General Liability, the largest product of the company under the Casualty segment, has remained soft over the past several quarters. Nearly 50% of the General Liability book relates to the construction industry. The significant reduction in construction activity, along with continued rate deterioration, has had a negative impact on General Liability gross premiums written. Given the sluggish economic recovery and the continued soft rate environment, a decline in premium is expected in the near term.

RLI Corp.’s Casualty business is traditionally characterized by higher combined ratios and longer-tailed liabilities, which could exert pressure, overall, on its underwriting margins in the long term. The continued decay in premium rates in this very price-sensitive business raises additional concerns.

The company recorded a higher combined ratio in the third quarter compared to the prior-year quarter. A higher combined ratio at Casualty more than offsets the lower combined ratio at Property and Surety, inducing deterioration of the overall combined ratio.

However, RLI Corp. continues to benefit from its business expansion drive in order to counter the prevailing soft economic conditions. As a strategy, the company has made forays into crop and other assumed property reinsurance, fueling solid performance at the Property segment. The company also partnered with Embrace Pet Insurance Agency to expand into a new niche market.

RLI Corp. reported third-quarter 2010 operating earnings of $1.19 per share, beating the Zacks Consensus Estimate of 97 cents by 22 cents.

The Zacks Consensus Estimate for fourth-quarter 2010 is $1.00 per share. For full years 2010 and 2011, the Zacks Consensus Estimates are respectively, $4.58 per share and $3.89 per share.
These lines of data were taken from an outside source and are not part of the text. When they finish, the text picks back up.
definition stops :: "'a list \<Rightarrow> ('a set \<Rightarrow> real) \<Rightarrow> ('a \<Rightarrow> real) \<Rightarrow> real \<Rightarrow> real \<Rightarrow> real \<Rightarrow> real
     \<Rightarrow> nat \<Rightarrow> (nat \<Rightarrow> 'a \<Rightarrow> (nat \<Rightarrow> 'a set) \<Rightarrow> nat) \<Rightarrow> nat \<Rightarrow> bool" where
  "stops ord v c B \<alpha> \<beta> eps l sel t \<longleftrightarrow> t \<ge> 1 \<and>
     (let prev = run ord v c B \<alpha> \<beta> eps l sel (t - 1); cur = run ord v c B \<alpha> \<beta> eps l sel t
      in Rs cur - ((\<Union>i\<in>{1..l}. Ss prev i \<union> Ss cur i) \<union> us cur) = {})"

definition final_round :: "'a list \<Rightarrow> ('a set \<Rightarrow> real) \<Rightarrow> ('a \<Rightarrow> real) \<Rightarrow> real \<Rightarrow> real \<Rightarrow> real \<Rightarrow> real
     \<Rightarrow> nat \<Rightarrow> (nat \<Rightarrow> 'a \<Rightarrow> (nat \<Rightarrow> 'a set) \<Rightarrow> nat) \<Rightarrow> nat" where
  "final_round ord v c B \<alpha> \<beta> eps l sel = (LEAST t. stops ord v c B \<alpha> \<beta> eps l sel t)"

text \<open>v(S*) - p(S*): the maximum of v(A) - p(A) over the output candidates,
  with the final prices.\<close>
definition out_value :: "'a list \<Rightarrow> ('a set \<Rightarrow> real) \<Rightarrow> ('a \<Rightarrow> real) \<Rightarrow> real \<Rightarrow> real \<Rightarrow> real \<Rightarrow> real
     \<Rightarrow> nat \<Rightarrow> (nat \<Rightarrow> 'a \<Rightarrow> (nat \<Rightarrow> 'a set) \<Rightarrow> nat) \<Rightarrow> real" where
  "out_value ord v c B \<alpha> \<beta> eps l sel =
    (let M = final_round ord v c B \<alpha> \<beta> eps l sel;
         fin = run ord v c B \<alpha> \<beta> eps l sel M;
         val = (\<lambda>A. v A - sum (ps fin) A)
     in Max ((\<lambda>A. val A) ` ({Ss (run ord v c B \<alpha> \<beta> eps l sel (M - 1)) i | i. i \<in> {1..l}}
                           \<union> {Ss fin i | i. i \<in> {1..l}} \<union> {us fin})))"

end

theory Submission
  imports Defs
begin

(* Every seller joins a candidate set at a price of at most its marginal value divided by
   beta + rho_t/B, so beta p(S) <= v(S) for every candidate set, and unless a trigger ends the
   round also v(S) - p(S) <= rho_t; hence (1 - 1/beta) v(S_{i,t}) <= rho_t.  Prices only decrease,
   so the same computation with the final prices bounds (1 - 1/beta) v(S_{i,t}) by the profit
   v - p of the output S* for the output candidates t = M-1, M.  A trigger
   v(S_j + u) - p(S_j + u) > rho_t splits, by submodularity, into the profits of the two output
   candidates S_j and {u*}; since round M-1 ended with a trigger, rho_{M-1} is less than twice the
   profit of S*, and the geometric sum rho_1 + ... + rho_{M-2} <= rho_{M-1}/(alpha - 1) bounds the
   earlier rounds.  A trigger also needs rho_t < max v, so some round runs to completion and the
   mechanism stops. *)

lemma rho_Suc: "rho eps \<alpha> (Suc t) = \<alpha> * rho eps \<alpha> t"
  by (simp add: rho_def)

lemma rho_pos: "eps > 0 \<Longrightarrow> \<alpha> > 0 \<Longrightarrow> rho eps \<alpha> t > 0"
  by (simp add: rho_def)

lemma rho_mono: "eps \<ge> 0 \<Longrightarrow> \<alpha> \<ge> 1 \<Longrightarrow> s \<le> t \<Longrightarrow> rho eps \<alpha> s \<le> rho eps \<alpha> t"
  unfolding rho_def by (intro mult_left_mono power_increasing) auto

lemma sum_rho_le:
  assumes "eps \<ge> 0" and "\<alpha> > 1"
  shows "(\<Sum>t\<in>{1..m}. rho eps \<alpha> t) \<le> rho eps \<alpha> (Suc m) / (\<alpha> - 1)"
proof (induction m)
  case 0
  then show ?case using assms by (simp add: rho_def)
next
  case (Suc m)
  have "(\<Sum>t\<in>{1..Suc m}. rho eps \<alpha> t) \<le> rho eps \<alpha> (Suc m) / (\<alpha> - 1) + rho eps \<alpha> (Suc m)"
    using Suc by simp
  also have "\<dots> = rho eps \<alpha> (Suc (Suc m)) / (\<alpha> - 1)"
    using assms by (simp add: rho_Suc[of _ _ "Suc m"] field_simps)
  finally show ?case .
qed
lemma conical_dynamics_expanding_neighbourhoods:
  assumes act: "action_by_homeos G X \<phi>" and X: "compact X" and z: "z \<in> X"
    and A: "A islimpt X" and dyn: "conical_dynamics G X \<phi> z A B"
    and \<epsilon>: "0 < \<epsilon>" and AB: "dist A B > 5 * \<epsilon>"
  shows "\<exists>g\<in>carrier G. \<exists>V W.
        openin (top_of_set X) V \<and> openin (top_of_set X) W \<and> z \<in> V \<and> V \<subseteq> W \<and>
        diameter W \<le> \<epsilon> \<and> diameter (\<phi> g ` W) > 4 * \<epsilon> \<and>
        closed_nbhd X (2 * \<epsilon>) (\<phi> g ` V) \<subseteq> \<phi> g ` W"
proof -
  obtain r where r: "r \<in> X" "r \<noteq> A" "dist r A < \<epsilon> / 2"
    using A \<epsilon> unfolding islimpt_approachable by (meson half_gt_zero)
  define \<eta> where "\<eta> = min (\<epsilon> / 4) (dist r A)"
  have \<eta>: "0 < \<eta>" "\<eta> \<le> \<epsilon> / 4" "\<eta> \<le> dist r A"
    using r \<epsilon> unfolding \<eta>_def by auto
  have "compact (X - ball z (\<epsilon> / 2))"
    using X by (simp add: compact_diff)
  moreover have "X - ball z (\<epsilon> / 2) \<subseteq> X - {z}"
    using \<epsilon> by auto
  ultimately obtain g where g: "g \<in> carrier G" "dist (\<phi> g z) B < \<eta>"
    "\<forall>x\<in>X - ball z (\<epsilon> / 2). dist (\<phi> g x) A < \<eta>"
    using conical_dynamicsD[OF dyn \<eta>(1)] by blast
  have onto: "\<phi> g ` X = X" and cont: "continuous_on X (\<phi> g)"
    using act g(1) group_action.surj_prop[of G X \<phi> g] by (auto simp: action_by_homeos_def)
  show ?thesis
    by (intro bexI[OF _ g(1)] expanding_neighbourhoods[OF compact_imp_bounded[OF X] onto cont z AB
          \<eta>(1,2) r(1) \<eta>(3) r(3) g(2,3)])
qed

lemma conical_limit_point_expanding_neighbourhoods:
  assumes G: "group G" and act: "action_by_homeos G X \<phi>" and X: "compact X"
    and perfect: "\<forall>x\<in>X. x islimpt X"
    and separating: "\<forall>x\<in>X. \<forall>y\<in>X. x \<noteq> y \<longrightarrow> (\<exists>g\<in>carrier G. dist (\<phi> g x) (\<phi> g y) > D)"
    and z: "conical_limit_point G X \<phi> z" and \<epsilon>: "0 < \<epsilon>" "5 * \<epsilon> < D"
  shows "\<exists>\<alpha>\<in>carrier G. \<exists>V W.
        openin (top_of_set X) V \<and> openin (top_of_set X) W \<and> z \<in> V \<and> V \<subseteq> W \<and>
        diameter W \<le> \<epsilon> \<and> diameter (\<phi> (inv\<^bsub>G\<^esub> \<alpha>) ` W) > 4 * \<epsilon> \<and>
        closed_nbhd X (2 * \<epsilon>) (\<phi> (inv\<^bsub>G\<^esub> \<alpha>) ` V) \<subseteq> \<phi> (inv\<^bsub>G\<^esub> \<alpha>) ` W"
proof -
  have ga: "group_action G X \<phi>" using act by (simp add: action_by_homeos_def)
  obtain a b where ab: "a \<in> X" "b \<in> X" "a \<noteq> b" and dyn: "conical_dynamics G X \<phi> z a b"
    using conical_limit_point_imp_conical_dynamics[OF z] .
  obtain h where h: "h \<in> carrier G" "dist (\<phi> h a) (\<phi> h b) > D"
    using separating ab by blast
  have zX: "z \<in> X" using z by (simp add: conical_limit_point_def)
  have limpt: "\<phi> h a islimpt X"
    using perfect group_action.element_image[OF ga h(1) ab(1)] by blast
  have dyn': "conical_dynamics G X \<phi> z (\<phi> h a) (\<phi> h b)"
    using conical_dynamics_translate[OF G act X h(1) zX ab(1,2) dyn] .
  have "dist (\<phi> h a) (\<phi> h b) > 5 * \<epsilon>" using h(2) \<epsilon>(2) by linarith
  from conical_dynamics_expanding_neighbourhoods[OF act X zX limpt dyn' \<epsilon>(1) this]
  obtain g V W where g: "g \<in> carrier G" and VW:
    "openin (top_of_set X) V \<and> openin (top_of_set X) W \<and> z \<in> V \<and> V \<subseteq> W \<and>
     diameter W \<le> \<epsilon> \<and> diameter (\<phi> g ` W) > 4 * \<epsilon> \<and>
     closed_nbhd X (2 * \<epsilon>) (\<phi> g ` V) \<subseteq> \<phi> g ` W"
    by blast
  have \<alpha>: "inv\<^bsub>G\<^esub> g \<in> carrier G" and inv_inv: "inv\<^bsub>G\<^esub> (inv\<^bsub>G\<^esub> g) = g"
    using group.inv_closed[OF G g] group.inv_inv[OF G g] .
  show ?thesis
    by (rule bexI[OF _ \<alpha>], unfold inv_inv) (use VW in blast)
qed

theorem mainTheorem3:
  fixes G :: "('g, 'b) monoid_scheme" and \<P> :: "'g set set"
    and X :: "'a::metric_space set" and \<phi> :: "'g \<Rightarrow> 'a \<Rightarrow> 'a" and D :: real
  assumes grp: "group G"
    and fg: "finitely_generated_group G"
    and P_fin: "finite \<P>" and P_ne: "\<P> \<noteq> {}"
    and P_sub: "\<forall>P\<in>\<P>. subgroup P G \<and> infinite P"
    and relhyp: "bowditch_boundary G \<P> X \<phi>"
    and nonelem: "\<P> \<noteq> {carrier G}" "infinite (carrier G)" "\<not> virtually_cyclic G"
    and D_pos: "D > 0"
    and D_prop: "\<forall>x\<in>X. \<forall>y\<in>X. x \<noteq> y \<longrightarrow> (\<exists>g\<in>carrier G. dist (\<phi> g x) (\<phi> g y) > D)"
  shows "\<forall>\<epsilon> z. 0 < \<epsilon> \<and> \<epsilon> < D / 5 \<and> conical_limit_point G X \<phi> z \<longrightarrow>
     (\<exists>\<alpha>\<in>carrier G. \<exists>V W.
        openin (top_of_set X) V \<and> openin (top_of_set X) W \<and> z \<in> V \<and> V \<subseteq> W \<and>
        diameter W \<le> \<epsilon> \<and>
        diameter (\<phi> (inv\<^bsub>G\<^esub> \<alpha>) ` W) > 4 * \<epsilon> \<and>
        closed_nbhd X (2 * \<epsilon>) (\<phi> (inv\<^bsub>G\<^esub> \<alpha>) ` V) \<subseteq> \<phi> (inv\<^bsub>G\<^esub> \<alpha>) ` W)"
proof -
  have "action_by_homeos G X \<phi>" and "compact X" and "\<forall>x\<in>X. x islimpt X"
    using relhyp by (simp_all add: bowditch_boundary_def)
  then show ?thesis
    by (intro allI impI) (rule conical_limit_point_expanding_neighbourhoods[OF grp _ _ _ D_prop]; auto)
qed

end
(* Let $K$ be an infinite field and $n\ge 4$. Let $f\in K[x_1,\ldots,x_n]$ be of the form $f(x)=\lambda\,l_1(x)^{\alpha_1}\cdots l_k(x)^{\alpha_k}$, where $\lambda$ is a nonzero constant, $l_i(x)=\sum_{j=1}^n l_{ij}x_j$ are linear forms with $l_i$ not proportional to $l_j$ for $i\ne j$, and assume ( * ): the $k$ coefficients $l_{11},\ldots,l_{k1}$ are distinct and nonzero, and $l_{in}=1$ for all $i$. Then the following algorithm outputs a correct factorization of $f$ (equal to the given one up to a permutation of the factors): 1. For $j=2,\ldots,n-1$, let $g_j(x_1,x_j)=f\circ\pi_j$, where $\pi_j$ sends $x_n$ to $1$, leaves $x_1$ and $x_j$ unchanged and sets all other variables to $0$; compute the dense representation of each $g_j$ by interpolation. 2. Using a bivariate factorization algorithm, write each $g_j$ as $g_j(x_1,x_j)=\lambda\prod_{i=1}^k(a_{ij}x_1+b_{ij}x_j+1)^{\beta_{ij}}$. 3. Reorder the factors of the $g_j$ so that the tuples $(a_{1j},\ldots,a_{kj})$ are identical for all $j$, obtaining $g_j(x_1,x_j)=\lambda\prod_{i=1}^k(a_ix_1+c_{ij}x_j+1)^{\gamma_i}$ with exponents $\gamma_i$ independent of $j$. 4. Output $f(x_1,\ldots,x_n)=\lambda\prod_{i=1}^k(a_ix_1+c_{i2}x_2+\cdots+c_{i,n-1}x_{n-1}+x_n)^{\gamma_i}$.
   Context: The bivariate factorization algorithm in step 2 returns the factorization of $g_j$ into irreducible factors with multiplicities over a field containing the coefficients of the $l_i$ (the statement includes the assertion that these factorizations have the displayed shape and that the reordering in step 3 is possible). *)

theory Defs
  imports "HOL-Computational_Algebra.Computational_Algebra"
begin

text \<open>Bivariate polynomials in K[x1, xj] are represented as 'a poly poly:
  the outer variable is x_j, the inner (coefficient) variable is x_1.\<close>

definition eval2 :: "'a::comm_semiring_1 poly poly \<Rightarrow> 'a \<Rightarrow> 'a \<Rightarrow> 'a" where
  "eval2 G x1 xj = poly (poly G [:xj:]) x1"

definition lin2 :: "'a::comm_semiring_1 \<Rightarrow> 'a \<Rightarrow> 'a poly poly" where
  "lin2 a b = [:[:1, a:], [:b:]:]"

definition feval :: "nat \<Rightarrow> nat \<Rightarrow> 'a::comm_semiring_1 \<Rightarrow> (nat \<Rightarrow> nat \<Rightarrow> 'a) \<Rightarrow> (nat \<Rightarrow> nat)
    \<Rightarrow> (nat \<Rightarrow> 'a) \<Rightarrow> 'a" where
  "feval n k lam l \<alpha> x = lam * (\<Prod>i\<in>{1..k}. (\<Sum>m\<in>{1..n}. l i m * x m) ^ \<alpha> i)"

definition pi_pt :: "nat \<Rightarrow> nat \<Rightarrow> 'a::zero_neq_one \<Rightarrow> 'a \<Rightarrow> nat \<Rightarrow> 'a" where
  "pi_pt n j x1 xj = (\<lambda>m. if m = 1 then x1 else if m = j then xj else if m = n then 1 else 0)"

end

theory Submission
  imports Defs
begin

(* Substituting pi_j turns f into g_j = lam * prod_i (l_i1 x_1 + l_ij x_j + 1)^alpha_i, and since K
   is infinite this identity of functions is an identity of polynomials.  Such a factorization into
   powers of distinct lines a x_1 + b x_j + 1 is unique: the zero set of the product is the union of
   its lines, a line contained in finitely many lines over an infinite field is one of them, and once
   common factors are cancelled the exponents are forced to agree.  Hence every factorization
   returned for g_j is the given one permuted, and as the x_1-coefficients l_i1 are pairwise
   distinct they identify corresponding factors of g_j and g_j' for all j, j'. *)

lemma poly_eq_if_agree_on_infinite:
  fixes p q :: "'a::idom poly"
  assumes "infinite A" and "\<And>x. x \<in> A \<Longrightarrow> poly p x = poly q x"
  shows "p = q"
proof -
  have "A \<subseteq> {x. poly (p - q) x = 0}" using assms(2) by auto
  then have "infinite {x. poly (p - q) x = 0}" using assms(1) finite_subset by blast
  then have "p - q = 0" using poly_roots_finite by blast
  then show ?thesis by simp
qed

lemma eval2_power [simp]: "eval2 (p ^ m) x y = eval2 p x y ^ m"
  by (induct m) (simp_all add: eval2_def)

lemma eval2_prod [simp]: "eval2 (\<Prod>i\<in>S. f i) x y = (\<Prod>i\<in>S. eval2 (f i) x y)"
  by (induct S rule: infinite_finite_induct) (simp_all add: eval2_def)

lemma eval2_smult [simp]: "eval2 (smult c p) x y = poly c x * eval2 p x y"
  by (simp add: eval2_def)

lemma eval2_lin2 [simp]: "eval2 (lin2 a b) x y = a * x + b * y + 1"
  by (simp add: eval2_def lin2_def algebra_simps)

lemma poly_poly_eqI:
  fixes P Q :: "'a::idom poly poly"
  assumes inf: "infinite (UNIV :: 'a set)" and eq: "\<And>x y. eval2 P x y = eval2 Q x y"
  shows "P = Q"
proof (rule poly_eq_if_agree_on_infinite)
  show "infinite (range (\<lambda>y::'a. [:y:]))"
    using inf by (auto dest: finite_imageD simp: inj_on_def)
  show "poly P z = poly Q z" if "z \<in> range (\<lambda>y. [:y:])" for z
    using that eq inf by (auto simp: eval2_def intro: poly_eq_if_agree_on_infinite)
qed

lemma lin2_eq_iff: "lin2 a b = lin2 a' b' \<longleftrightarrow> a = a' \<and> b = b'"
  by (auto simp: lin2_def)

lemma lin2_nonzero: "lin2 a b \<noteq> 0"
  by (simp add: lin2_def)

lemma irreducible_lin2:
  fixes a b :: "'a::field"
  assumes "a \<noteq> 0"
  shows "irreducible (lin2 a b)"
proof (cases "b = 0")
  case True
  then show ?thesis
    using assms by (simp add: lin2_def irreducible_const_poly_iff irreducible_linear_field_poly)
next
  case False
  have const_factor_unit: "is_unit [:c:]" if "[:c:] * r = lin2 a b" for c r
  proof -
    have "c * coeff r 1 = [:b:]" using arg_cong[OF that, of "\<lambda>p. coeff p 1"] by (simp add: lin2_def)
    then have "c dvd [:b:]" by (metis dvdI)
    moreover have "is_unit [:b:]" using False by (simp add: is_unit_const_poly_iff dvd_field_iff)
    ultimately show ?thesis by (simp add: is_unit_const_poly_iff dvd_unit_imp_unit)
  qed
  show ?thesis
  proof (rule irreducibleI)
    show "lin2 a b \<noteq> 0" by (rule lin2_nonzero)
    show "\<not> is_unit (lin2 a b)" using False by (auto simp: lin2_def is_unit_poly_iff)
    fix p q assume pq: "lin2 a b = p * q"
    then have "p \<noteq> 0" "q \<noteq> 0" using lin2_nonzero[of a b] by auto
    moreover have "degree (lin2 a b) = 1" using False by (simp add: lin2_def)
    ultimately have "degree p + degree q = 1" using pq by (simp add: degree_mult_eq)
    then consider "degree p = 0" | "degree q = 0" by linarith
    then show "is_unit p \<or> is_unit q"
    proof cases
      case 1
      then show ?thesis using const_factor_unit[of "coeff p 0" q] pq by (metis degree_0_id)
    next
      case 2
      then show ?thesis using const_factor_unit[of "coeff q 0" p] pq by (metis degree_0_id mult.commute)
    qed
  qed
qed

lemma irreducible_lin2D:
  assumes "irreducible (lin2 a b)"
  shows "a \<noteq> 0 \<or> b \<noteq> 0"
  using assms by (auto simp: lin2_def one_pCons[symmetric])

lemma line_in_finite_union_of_lines:
  fixes a b :: "'a::field" and p q :: "'i \<Rightarrow> 'a"
  assumes inf: "infinite (UNIV :: 'a set)" and fin: "finite S" and nonconst: "a \<noteq> 0 \<or> b \<noteq> 0"
    and cover: "\<And>x y. a * x + b * y + 1 = 0 \<Longrightarrow> \<exists>i\<in>S. p i * x + q i * y + 1 = 0"
  shows "\<exists>i\<in>S. p i = a \<and> q i = b"
proof -
  have *: "\<exists>i\<in>S. p i = a \<and> q i = b"
    if "a \<noteq> 0" and cover: "\<And>x y. a * x + b * y + 1 = 0 \<Longrightarrow> \<exists>i\<in>S. p i * x + q i * y + 1 = 0"
    for a b :: 'a and p q :: "'i \<Rightarrow> 'a"
  proof -
    (* (x, y) = (-(1 + b s) / a, s) runs through the line, and lies on line i iff factor i of R
       vanishes at s *)
    define R where "R = (\<Prod>i\<in>S. [:a - p i, a * q i - b * p i:])"
    have "poly R s = 0" for s
    proof -
      have "a * (- (1 + b * s) / a) + b * s + 1 = 0" using \<open>a \<noteq> 0\<close> by (simp add: field_simps)
      then obtain i where "i \<in> S" and "p i * (- (1 + b * s) / a) + q i * s + 1 = 0"
        using cover by blast
      then have "(a - p i) + (a * q i - b * p i) * s = 0"
        using \<open>a \<noteq> 0\<close> by (simp add: field_simps)
      then show ?thesis
        unfolding R_def poly_prod using fin \<open>i \<in> S\<close> by (auto intro!: prod_zero simp: algebra_simps)
    qed
    then have "R = 0" using poly_eq_if_agree_on_infinite[OF inf, of R 0] by simp
    then obtain i where "i \<in> S" and "[:a - p i, a * q i - b * p i:] = 0"
      using fin unfolding R_def by (auto simp: prod_zero_iff)
    then show ?thesis using \<open>a \<noteq> 0\<close> by auto
  qed
  show ?thesis
  proof (cases "a = 0")
    case False
    then show ?thesis using * cover by blast
  next
    case True
    with nonconst have "b \<noteq> 0" by simp
    then show ?thesis using *[of b a q p] cover by (metis add.commute)
  qed
qed

lemma eval2_prod_lin2_eq_0_iff:
  fixes a b :: "'i \<Rightarrow> 'a::idom"
  assumes "finite S"
  shows "eval2 (\<Prod>i\<in>S. lin2 (a i) (b i) ^ e i) x y = 0 \<longleftrightarrow> (\<exists>i\<in>S. 0 < e i \<and> a i * x + b i * y + 1 = 0)"
  using assms by (auto simp: prod_zero_iff)

lemma prod_lin2_vanishing_on_line:
  fixes a b :: "'a::field"
  assumes "infinite (UNIV :: 'a set)" and "finite S" and "a \<noteq> 0 \<or> b \<noteq> 0"
    and "\<And>x y. a * x + b * y + 1 = 0 \<Longrightarrow> eval2 (\<Prod>i\<in>S. lin2 (p i) (q i) ^ e i) x y = 0"
  shows "\<exists>i\<in>S. 0 < e i \<and> p i = a \<and> q i = b"
proof -
  have "\<exists>i\<in>{i\<in>S. 0 < e i}. p i = a \<and> q i = b"
  proof (rule line_in_finite_union_of_lines)
    fix x y assume "a * x + b * y + 1 = 0"
    then show "\<exists>i\<in>{i\<in>S. 0 < e i}. p i * x + q i * y + 1 = 0"
      using assms(2,4) by (auto simp: eval2_prod_lin2_eq_0_iff)
  qed (use assms in auto)
  then show ?thesis by auto
qed

lemma prod_lin2_exponents_unique:
  fixes a b :: "'i \<Rightarrow> 'a::field"
  assumes inf: "infinite (UNIV :: 'a set)" and fin: "finite S"
    and nonconst: "\<forall>i\<in>S. a i \<noteq> 0 \<or> b i \<noteq> 0" and inj: "inj_on (\<lambda>i. lin2 (a i) (b i)) S"
    and eq: "(\<Prod>i\<in>S. lin2 (a i) (b i) ^ \<beta> i) = (\<Prod>i\<in>S. lin2 (a i) (b i) ^ \<gamma> i)"
    and "i \<in> S"
  shows "\<beta> i = \<gamma> i"
proof -
  let ?P = "\<lambda>e. \<Prod>i\<in>S. lin2 (a i) (b i) ^ e i"
  have pos: "0 < e' t" if "?P e = ?P e'" and "t \<in> S" and "0 < e t" for e e' t
  proof -
    have "\<exists>s\<in>S. 0 < e' s \<and> a s = a t \<and> b s = b t"
    proof (rule prod_lin2_vanishing_on_line[OF inf fin])
      show "a t \<noteq> 0 \<or> b t \<noteq> 0" using nonconst \<open>t \<in> S\<close> by blast
      show "eval2 (?P e') x y = 0" if "a t * x + b t * y + 1 = 0" for x y
        using that \<open>t \<in> S\<close> \<open>0 < e t\<close> eval2_prod_lin2_eq_0_iff[OF fin, of a b e x y]
        unfolding \<open>?P e = ?P e'\<close> by blast
    qed
    then obtain s where "s \<in> S" "0 < e' s" "lin2 (a s) (b s) = lin2 (a t) (b t)" by auto
    moreover from this inj \<open>t \<in> S\<close> have "s = t" unfolding inj_on_def by blast
    ultimately show ?thesis by simp
  qed
  (* after cancelling the common factor with exponents min (\<beta> t) (\<gamma> t), one side has
     exponent 0 at i, so by pos the other side has too *)
  define m where "m t = min (\<beta> t) (\<gamma> t)" for t
  have split: "?P e = ?P m * ?P (\<lambda>t. e t - m t)" if "\<forall>t\<in>S. m t \<le> e t" for e
    unfolding prod.distrib[symmetric] power_add[symmetric] using that by (intro prod.cong) auto
  have "?P m \<noteq> 0" using fin by (simp add: prod_zero_iff lin2_nonzero)
  then have reduced: "?P (\<lambda>t. \<beta> t - m t) = ?P (\<lambda>t. \<gamma> t - m t)"
    using eq split[of \<beta>] split[of \<gamma>] by (simp add: m_def)
  show ?thesis
    using pos[OF reduced \<open>i \<in> S\<close>] pos[OF reduced[symmetric] \<open>i \<in> S\<close>] unfolding m_def by linarith
qed

definition lin2_factorization ::
    "'a::field poly poly \<Rightarrow> 'i set \<Rightarrow> 'a \<Rightarrow> ('i \<Rightarrow> 'a) \<Rightarrow> ('i \<Rightarrow> 'a) \<Rightarrow> ('i \<Rightarrow> nat) \<Rightarrow> bool" where
  "lin2_factorization G S \<mu> a b \<beta> \<longleftrightarrow>
     G = [:[:\<mu>:]:] * (\<Prod>i\<in>S. lin2 (a i) (b i) ^ \<beta> i)
     \<and> (\<forall>i\<in>S. irreducible (lin2 (a i) (b i)) \<and> \<beta> i \<ge> 1)
     \<and> (\<forall>i\<in>S. \<forall>i'\<in>S. i \<noteq> i' \<longrightarrow> lin2 (a i) (b i) \<noteq> lin2 (a i') (b i'))"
RLI Corp. continues to remain focused on enhancing shareholder value. The company paid a dividend of 29 cents in October and bought back shares worth $2 million in the third quarter.

The company’s extensive product offerings, strong local branch network and focus on specialty insurance lines are also expected to aid top-line growth.

 

The quantitative Zacks #3 Rank (short term Hold rating) on the stock indicates downward pressure on the shares over the near term.